“Water, water, everywhere, nor any drop to drink,” wrote Samuel Taylor Coleridge in his epic poem The Rime of the Ancient Mariner. This quote is a powerful metaphor for the modern business landscape, where organizations are surrounded by a seemingly endless sea of customer data but lack the ability to effectively utilize it.
Organizations today have access to a wealth of customer feedback in the form of text, but too often, they struggle to make sense of it all. A recent Accenture study highlights the challenge, finding that while 64% of consumers want companies to respond more quickly to their needs, 88% of business leaders feel they can’t respond effectively. Customer Experience (CX) programs and customer feedback surveys, including open-ended questions, provide the space for customers to express themselves. However, many organizations are overwhelmed by the sheer volume of customer feedback, as well as the nuances of human expression that make text analysis difficult.
In this digital age, the ability to understand and analyze customer feedback and sentiment is becoming increasingly crucial.

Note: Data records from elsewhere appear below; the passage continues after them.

lemma norm_transplant_le:
  fixes d L :: real and g :: "complex \<Rightarrow> complex" and w :: complex
  assumes d: "0 < d" "d < 1" and L: "L \<ge> 0"
    and growth: "\<And>\<gamma> z. 0 < \<gamma> \<Longrightarrow> \<gamma> \<le> 1 \<Longrightarrow> norm z \<le> 1 - \<gamma> \<Longrightarrow> norm (g z) \<le> L / \<gamma>"
    and w: "norm w \<le> 1"
  shows "norm (transplant d g w) \<le> 2 * L / (d * (1 - d))"
proof (cases "w = 1")
  case True
  then show ?thesis using d L by (simp add: transplant_def)
next
  case False
  define z where "z = of_real d + of_real (1 - d) * w"
  define \<gamma> where "\<gamma> = 1 - norm z"
  have dist_pos: "d * (1 - d) * (norm (1 - w))\<^sup>2 > 0"
    using d False by simp
  have "(1 - d) * (norm w)\<^sup>2 \<le> 1 - d"
    using d w by (intro mult_left_le) (auto simp: power_le_one)
  then have dist_le: "d * (1 - d) * (norm (1 - w))\<^sup>2 \<le> 1 - (norm z)\<^sup>2"
    using norm_affine_combination_sq[of d "1 - d" w] unfolding z_def by simp
  then have "(norm z)\<^sup>2 < 1"
    using dist_pos by linarith
  then have "norm z < 1"
    by (simp add: power_less_one_iff)
  then have \<gamma>: "0 < \<gamma>" "\<gamma> \<le> 1"
    unfolding \<gamma>_def by auto
  have growth_z: "norm (g z) \<le> L / \<gamma>"
    using growth[OF \<gamma>] unfolding \<gamma>_def by simp
  have "1 - (norm z)\<^sup>2 = \<gamma> * (1 + norm z)"
    unfolding \<gamma>_def by (simp add: algebra_simps power2_eq_square)
  also have "\<dots> \<le> 2 * \<gamma>"
    using \<gamma> \<open>norm z < 1\<close> by simp
  finally have "d * (1 - d) * (norm (1 - w))\<^sup>2 \<le> 2 * \<gamma>"
    using dist_le by linarith
  with growth_z have "norm (g z) * (d * (1 - d) * (norm (1 - w))\<^sup>2) \<le> L / \<gamma> * (2 * \<gamma>)"
    by (rule mult_mono) (use L \<gamma> dist_pos in auto)
  then have "norm (g z) * (norm (1 - w))\<^sup>2 * (d * (1 - d)) \<le> 2 * L"
    using \<gamma> by (simp add: algebra_simps)
  then show ?thesis
    using d unfolding transplant_def z_def by (simp add: norm_mult norm_power pos_le_divide_eq)
qed
lemma lamplighter2_code_in_lists: "lamplighter2_code g \<in> lists {0..4}"
proof -
  have "set (point_code p) \<subseteq> {0..4}" for p
    using set_signed_unary[of 0 1 "fst p"] set_signed_unary[of 2 3 "snd p"] by (auto simp: point_code_def)
  then show ?thesis
    by (simp add: lamplighter2_code_def lists_eq_set UN_subset_iff)
qed

section \<open>Transducers for the generators\<close>

text \<open>State 0 copies the position of the lamplighter. The lamp codes follow in increasing order; in
  state 1 the first letter of the next code tells whether that lamp lies below the origin (state 2
  copies such a code). The code \<open>[4]\<close> of the origin is deleted when met and otherwise inserted
  before the first code above the origin; state 3 then copies the rest.\<close>

definition toggle_trans :: gsm_trans where
  "toggle_trans q a =
    (if q = 0 then (if a = 4 then 1 else 0, [a])
     else if q = 1 then (if a = 1 \<or> a = 3 then (2, [a]) else if a = 4 then (3, []) else (3, [4, a]))
     else if q = 2 then (if a = 4 then 1 else 2, [a])
     else (3, [a]))"

definition toggle_final :: "nat \<Rightarrow> nat list" where
  "toggle_final q = (if q = 1 then [4] else [])"

lemma point_code_origin: "point_code (0, 0) = [4]"
  by (simp add: point_code_def signed_unary_def)

lemma point_code_less_origin:
  assumes "p < (0, 0)"
  obtains c w where "point_code p = c # w @ [4]" "c \<in> {1, 3}" "4 \<notin> set w"
proof (cases "fst p < 0")
  case True
  then have "signed_unary 0 1 (fst p) = 1 # replicate (nat (- fst p) - 1) 1"
    by (simp add: signed_unary_def replicate_Suc[symmetric] del: replicate_Suc)
  with that[of 1 "replicate (nat (- fst p) - 1) 1 @ signed_unary 2 3 (snd p)"] show ?thesis
    by (simp add: point_code_def)
next
  case False
  with assms have "fst p = 0" "snd p < 0"
    by (auto simp: less_prod_def)
  then have "point_code p = 3 # replicate (nat (- snd p) - 1) 3 @ [4]"
    by (simp add: point_code_def signed_unary_def replicate_Suc[symmetric] del: replicate_Suc)
  with that show ?thesis
    by auto
qed

lemma point_code_greater_origin:
  assumes "(0, 0) < p"
  obtains c w where "point_code p = c # w @ [4]" "c \<in> {0, 2}" "4 \<notin> set w"
proof (cases "0 < fst p")
  case True
  then have "signed_unary 0 1 (fst p) = 0 # replicate (nat (fst p) - 1) 0"
    by (simp add: signed_unary_def replicate_Suc[symmetric] del: replicate_Suc)
  with that[of 0 "replicate (nat (fst p) - 1) 0 @ signed_unary 2 3 (snd p)"] show ?thesis
    by (simp add: point_code_def)
next
  case False
  with assms have "fst p = 0" "0 < snd p"
    by (auto simp: less_prod_def)
  then have "point_code p = 2 # replicate (nat (snd p) - 1) 2 @ [4]"
    by (simp add: point_code_def signed_unary_def replicate_Suc[symmetric] del: replicate_Suc)
  with that show ?thesis
    by auto
qed

lemma gsm_run_toggle_code_tail:
  "q = 0 \<or> q = 2 \<Longrightarrow> 4 \<notin> set w \<Longrightarrow> gsm_run toggle_trans q (w @ [4]) = (1, w @ [4])"
  by (rule gsm_run_append[OF gsm_run_copy]) (auto simp: toggle_trans_def)

lemma gsm_run_toggle_after_origin: "gsm_run toggle_trans 3 w = (3, w)"
  by (rule gsm_run_copy) (simp add: toggle_trans_def)

lemma gsm_fun_toggle_after_origin: "gsm_fun toggle_trans toggle_final 3 w = w"
  by (simp add: gsm_fun_def gsm_run_toggle_after_origin toggle_final_def)

lemma gsm_fun_toggle_lamps:
  assumes "sorted_wrt (<) ps"
  shows "\<exists>ps'. sorted_wrt (<) ps' \<and> set ps' = sym_diff (set ps) {(0, 0)} \<and>
    gsm_fun toggle_trans toggle_final 1 (concat (map point_code ps)) = concat (map point_code ps')"
  using assms
proof (induction ps)
  case Nil
  show ?case
    by (intro exI[of _ "[(0, 0)]"]) (simp add: gsm_fun_def toggle_final_def point_code_origin)
next
  case (Cons p ps)
  then obtain ps' where ps': "sorted_wrt (<) ps'" "set ps' = sym_diff (set ps) {(0, 0)}"
    "gsm_fun toggle_trans toggle_final 1 (concat (map point_code ps)) = concat (map point_code ps')"
    by auto
  have above: "\<forall>p' \<in> set ps. p < p'"
    using Cons.prems by simp
  consider "p < (0, 0)" | "p = (0, 0)" | "(0, 0) < p"
    by (rule linorder_cases)
  then show ?case
  proof cases
    case 1
    then obtain c w where w: "point_code p = c # w @ [4]" "c \<in> {1, 3}" "4 \<notin> set w"
      by (rule point_code_less_origin)
    then have "gsm_run toggle_trans 1 (point_code p) = (1, point_code p)"
      using gsm_run_toggle_code_tail[of 2 w] by (auto simp: toggle_trans_def)
    with 1 above ps' show ?thesis
      by (intro exI[of _ "p # ps'"]) (auto simp: gsm_fun_append)
  next
    case 2
    then have "gsm_run toggle_trans 1 (point_code p) = (3, [])"
      by (simp add: point_code_origin toggle_trans_def)
    with 2 above Cons.prems show ?thesis
      by (intro exI[of _ ps]) (auto simp: gsm_fun_append gsm_fun_toggle_after_origin)
  next
    case 3
    then obtain c w where w: "point_code p = c # w @ [4]" "c \<in> {0, 2}" "4 \<notin> set w"
      by (rule point_code_greater_origin)
    then have "gsm_run toggle_trans 1 (point_code p) = (3, 4 # point_code p)"
      using gsm_run_toggle_after_origin[of "w @ [4]"] by (auto simp: toggle_trans_def)
    with 3 above Cons.prems show ?thesis
      by (intro exI[of _ "(0, 0) # p # ps"])
        (auto simp: gsm_fun_append gsm_fun_toggle_after_origin point_code_origin dest: order.strict_trans)
  qed
qed

lemma gsm_fun_toggle_code:
  assumes "g \<in> carrier lamplighter2"
  shows "gsm_fun toggle_trans toggle_final 0 (lamplighter2_code g) =
    lamplighter2_code (g \<otimes>\<^bsub>lamplighter2\<^esub> toggle)"
proof -
  obtain f v where g: "g = (f, v)" and "finite (lit_lamps f v)"
    using assms by (metis finite_lit_lamps lamplighter2_carrier surj_pair)
  obtain ps' where ps': "sorted_wrt (<) ps'"
    "set ps' = sym_diff (lit_lamps f v) {(0, 0)}"
    "gsm_fun toggle_trans toggle_final 1 (concat (map point_code (sorted_list_of_set (lit_lamps f v)))) =
      concat (map point_code ps')"
    using gsm_fun_toggle_lamps[OF sorted_list_of_set.strict_sorted_key_list_of_set[of "lit_lamps f v"]]
      \<open>finite (lit_lamps f v)\<close> by auto
  have "gsm_run toggle_trans 0 (point_code v) = (1, point_code v)"
    using gsm_run_toggle_code_tail by (metis point_code_snoc)
  moreover have "g \<otimes>\<^bsub>lamplighter2\<^esub> toggle = (\<lambda>p. f p \<noteq> ((fst p - fst v, snd p - snd v) = (0, 0)), v)"
    by (simp add: g toggle_def)
  moreover have "lit_lamps (\<lambda>p. f p \<noteq> ((fst p - fst v, snd p - snd v) = (0, 0))) v = set ps'"
    by (auto simp: ps'(2) lit_lamps_def)
  moreover have "sorted_list_of_set (set ps') = ps'"
    using ps'(1) by (simp add: sorted_list_of_set.idem_if_sorted_distinct strict_sorted_iff)
  ultimately show ?thesis
    using ps'(3) by (simp add: g lamplighter2_code_def gsm_fun_append)
qed

definition unary_succ :: "nat \<Rightarrow> nat \<Rightarrow> nat list \<Rightarrow> nat list" where
  "unary_succ a b w = (if w \<noteq> [] \<and> hd w = b then tl w else a # w)"

lemma unary_succ_signed_unary:
  assumes "a \<noteq> b" and "r = [] \<or> hd r \<notin> {a, b}"
  shows "unary_succ a b (signed_unary a b z @ r) = signed_unary a b (z + 1) @ r"
proof (cases "0 \<le> z")
  case True
  then have "signed_unary a b (z + 1) = a # signed_unary a b z"
    by (simp add: signed_unary_def nat_add_distrib)
  moreover have "signed_unary a b z @ r = [] \<or> hd (signed_unary a b z @ r) \<noteq> b"
    using True assms by (cases "nat z") (auto simp: signed_unary_def)
  ultimately show ?thesis
    by (auto simp: unary_succ_def)
next
  case False
  then have "nat (- z) = Suc (nat (- z - 1))"
    by simp
  with False have "signed_unary a b z = b # signed_unary a b (z + 1)"
    by (auto simp: signed_unary_def)
  then show ?thesis
    by (simp add: unary_succ_def)
qed

lemma unary_succ_signed_unary_swap:
  assumes "a \<noteq> b" and "r = [] \<or> hd r \<notin> {a, b}"
  shows "unary_succ b a (signed_unary a b z @ r) = signed_unary a b (z - 1) @ r"
proof -
  have "signed_unary a b z' = signed_unary b a (- z')" for z'
    by (simp add: signed_unary_def)
  with unary_succ_signed_unary[of b a r "- z"] assms show ?thesis
    by auto
qed

text \<open>States 0 and 1 add the step to the coordinate of the lamplighter, states 2 and 3 subtract it
  from that of each lamp: in states 0 and 2 the first letter of the coordinate is still to come, in
  states 1 and 3 the rest of the code is copied.\<close>

definition walk_trans :: "bool \<Rightarrow> nat \<Rightarrow> nat \<Rightarrow> gsm_trans" where
  "walk_trans skip_x u n q c =
    (if q = 0 then
       (if skip_x \<and> c < 2 then (0, [c]) else if c = n then (1, []) else if c = 4 then (2, [u, 4])
        else (1, [u, c]))
     else if q = 1 then (if c = 4 then 2 else 1, [c])
     else if q = 2 then
       (if skip_x \<and> c < 2 then (2, [c]) else if c = u then (3, []) else if c = 4 then (2, [n, 4])
        else (3, [n, c]))
     else (if c = 4 then 2 else 3, [c]))"

lemma gsm_run_walk_trans:
  assumes "(q, a, b) = (0, u, n) \<or> (q, a, b) = (2, n, u)" and "u \<noteq> 4" "n \<noteq> 4"
    and "\<forall>c \<in> set s. skip_x \<and> c < 2" and "4 \<notin> set w" and "w = [] \<or> \<not> (skip_x \<and> hd w < 2)"
  shows "gsm_run (walk_trans skip_x u n) q (s @ w @ [4]) = (2, s @ unary_succ a b w @ [4])"
proof -
  have copy: "gsm_run (walk_trans skip_x u n) q' (w' @ [4]) = (2, w' @ [4])"
    if "q' = 1 \<or> q' = 3" "4 \<notin> set w'" for q' w'
    using that by (intro gsm_run_append[OF gsm_run_copy]) (auto simp: walk_trans_def)
  have "gsm_run (walk_trans skip_x u n) q s = (q, s)"
    using assms(1,4) by (intro gsm_run_copy) (auto simp: walk_trans_def)
  moreover have "gsm_run (walk_trans skip_x u n) q (w @ [4]) = (2, unary_succ a b w @ [4])"
  proof (cases w)
    case Nil
    with assms(1-3) show ?thesis
      by (auto simp: walk_trans_def unary_succ_def)
  next
    case (Cons c w')
    with assms(1,5,6) copy[of "Suc q" w'] show ?thesis
      by (auto simp: walk_trans_def unary_succ_def)
  qed
  ultimately show ?thesis
    by (rule gsm_run_append)
qed

lemma gsm_run_walk_trans_x:
  assumes "(u, n, d) = (0, 1, 1) \<or> (u, n, d) = (1, 0, -1)"
  shows "gsm_run (walk_trans False u n) 0 (point_code p) = (2, point_code (fst p + d, snd p))"
    and "gsm_run (walk_trans False u n) 2 (point_code p) = (2, point_code (fst p - d, snd p))"
proof -
  have tail: "signed_unary 2 3 (snd p) = [] \<or> hd (signed_unary 2 3 (snd p)) \<notin> {0, 1}"
    using set_signed_unary[of 2 3 "snd p"] by (cases "signed_unary 2 3 (snd p)") auto
  have run: "gsm_run (walk_trans False u n) q (point_code p) =
      (2, unary_succ a b (signed_unary 0 1 (fst p) @ signed_unary 2 3 (snd p)) @ [4])"
    if "(q, a, b) = (0, u, n) \<or> (q, a, b) = (2, n, u)" for q a b
    using gsm_run_walk_trans[OF that, where s = "[]" and w = "signed_unary 0 1 (fst p) @ signed_unary 2 3 (snd p)"]
      assms
    by (auto simp: point_code_def)
  show "gsm_run (walk_trans False u n) 0 (point_code p) = (2, point_code (fst p + d, snd p))"
    using run[of 0 u n] assms unary_succ_signed_unary[OF _ tail] unary_succ_signed_unary_swap[OF _ tail]
    by (auto simp: point_code_def)
  show "gsm_run (walk_trans False u n) 2 (point_code p) = (2, point_code (fst p - d, snd p))"
    using run[of 2 n u] assms unary_succ_signed_unary[OF _ tail] unary_succ_signed_unary_swap[OF _ tail]
    by (auto simp: point_code_def)
qed

lemma gsm_run_walk_trans_y:
  assumes "(u, n, d) = (2, 3, 1) \<or> (u, n, d) = (3, 2, -1)"
  shows "gsm_run (walk_trans True u n) 0 (point_code p) = (2, point_code (fst p, snd p + d))"
    and "gsm_run (walk_trans True u n) 2 (point_code p) = (2, point_code (fst p, snd p - d))"
proof -
  have "\<forall>c \<in> set (signed_unary 0 1 (fst p)). True \<and> c < 2"
    using set_signed_unary[of 0 1 "fst p"] by auto
  moreover have "signed_unary 2 3 (snd p) = [] \<or> \<not> (True \<and> hd (signed_unary 2 3 (snd p)) < 2)"
    using set_signed_unary[of 2 3 "snd p"] by (cases "signed_unary 2 3 (snd p)") auto
  ultimately have run: "gsm_run (walk_trans True u n) q (point_code p) =
      (2, signed_unary 0 1 (fst p) @ unary_succ a b (signed_unary 2 3 (snd p)) @ [4])"
    if "(q, a, b) = (0, u, n) \<or> (q, a, b) = (2, n, u)" for q a b
    using gsm_run_walk_trans[OF that, where s = "signed_unary 0 1 (fst p)" and w = "signed_unary 2 3 (snd p)"]
      assms by (auto simp: point_code_def)
  show "gsm_run (walk_trans True u n) 0 (point_code p) = (2, point_code (fst p, snd p + d))"
    using run[of 0 u n] assms unary_succ_signed_unary[of 2 3 "[]"] unary_succ_signed_unary_swap[of 2 3 "[]"]
    by (auto simp: point_code_def)
  show "gsm_run (walk_trans True u n) 2 (point_code p) = (2, point_code (fst p, snd p - d))"
    using run[of 2 n u] assms unary_succ_signed_unary[of 2 3 "[]"] unary_succ_signed_unary_swap[of 2 3 "[]"]
    by (auto simp: point_code_def)
qed

lemma sorted_list_of_set_translate:
  fixes A :: "(int \<times> int) set"
  assumes "finite A"
  shows "sorted_list_of_set ((\<lambda>p. (fst p - a, snd p - b)) ` A) =
    map (\<lambda>p. (fst p - a, snd p - b)) (sorted_list_of_set A)"
proof -
  let ?t = "\<lambda>p :: int \<times> int. (fst p - a, snd p - b)"
  have "sorted_wrt (\<lambda>p q. ?t p < ?t q) (sorted_list_of_set A)"
    by (rule sorted_wrt_mono_rel[OF _ sorted_list_of_set.strict_sorted_key_list_of_set[of A]])
      (auto simp: less_prod_def)
  then have "sorted_wrt (<) (map ?t (sorted_list_of_set A))"
    by (simp add: sorted_wrt_map)
  with assms show ?thesis
    using sorted_list_of_set.idem_if_sorted_distinct[of "map ?t (sorted_list_of_set A)"]
    by (simp add: strict_sorted_iff)
qed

Customer Experience (CX) has been a major focus of investment for organizations over the last ten years and is poised for continued growth. These tools incorporate various sources of customer feedback, perhaps most notably the famed NPS survey (or similar satisfaction survey), but they often lack tools to effectively comprehend one of the most prevalent and expressive forms of customer feedback: open-ended text. Even the information from survey open ends is challenging to analyze at scale (and is often just used as report window dressing).
The reason is that traditional text analytics tools are notoriously complex to use and require significant technical expertise to generate value. The focus was mainly on keyword extraction and rudimentary sentiment analysis (positive/negative/neutral). However, the current breed of AI-powered text analytics tools (like Canvs AI) are designed for ease of use, offering a more intuitive and user-friendly interface. These tools leverage advanced Natural Language Processing (NLP) techniques to offer a much more comprehensive understanding of customer data, with the ability to streamline the classification of conversation and provide nuanced emotional analysis. These tools also allow organizations to extract greater value from their customer data, driving business outcomes and improving the customer experience. Perhaps more importantly, they lower the barrier of entry for using text analysis both in terms of the kinds of organizations that can use them (no longer just the largest enterprises) and the number of use cases and data sources (for example, being used across the market research and customer experience teams).
The current moment in text analytics is reminiscent of the advent of modern CRM and marketing automation, where companies like Hubspot put capabilities that were once restricted to large enterprises with large, dedicated resources into the hands of mid-sized companies with modest sales and marketing teams. Now those teams are able to execute sophisticated marketing strategies with just a few clicks (and fewer people). Specialized technical skills in text analysis are no longer a barrier to being able to understand consumer text feedback at a large scale.
Just as the Ancient Mariner and his crew found themselves in a desperate situation, surrounded by water but unable to drink it, organizations today are surrounded by customer data but lack the ability to make sense of it. With the help of NLP, however, they can unlock the valuable insights contained within and turn the tide in their favor.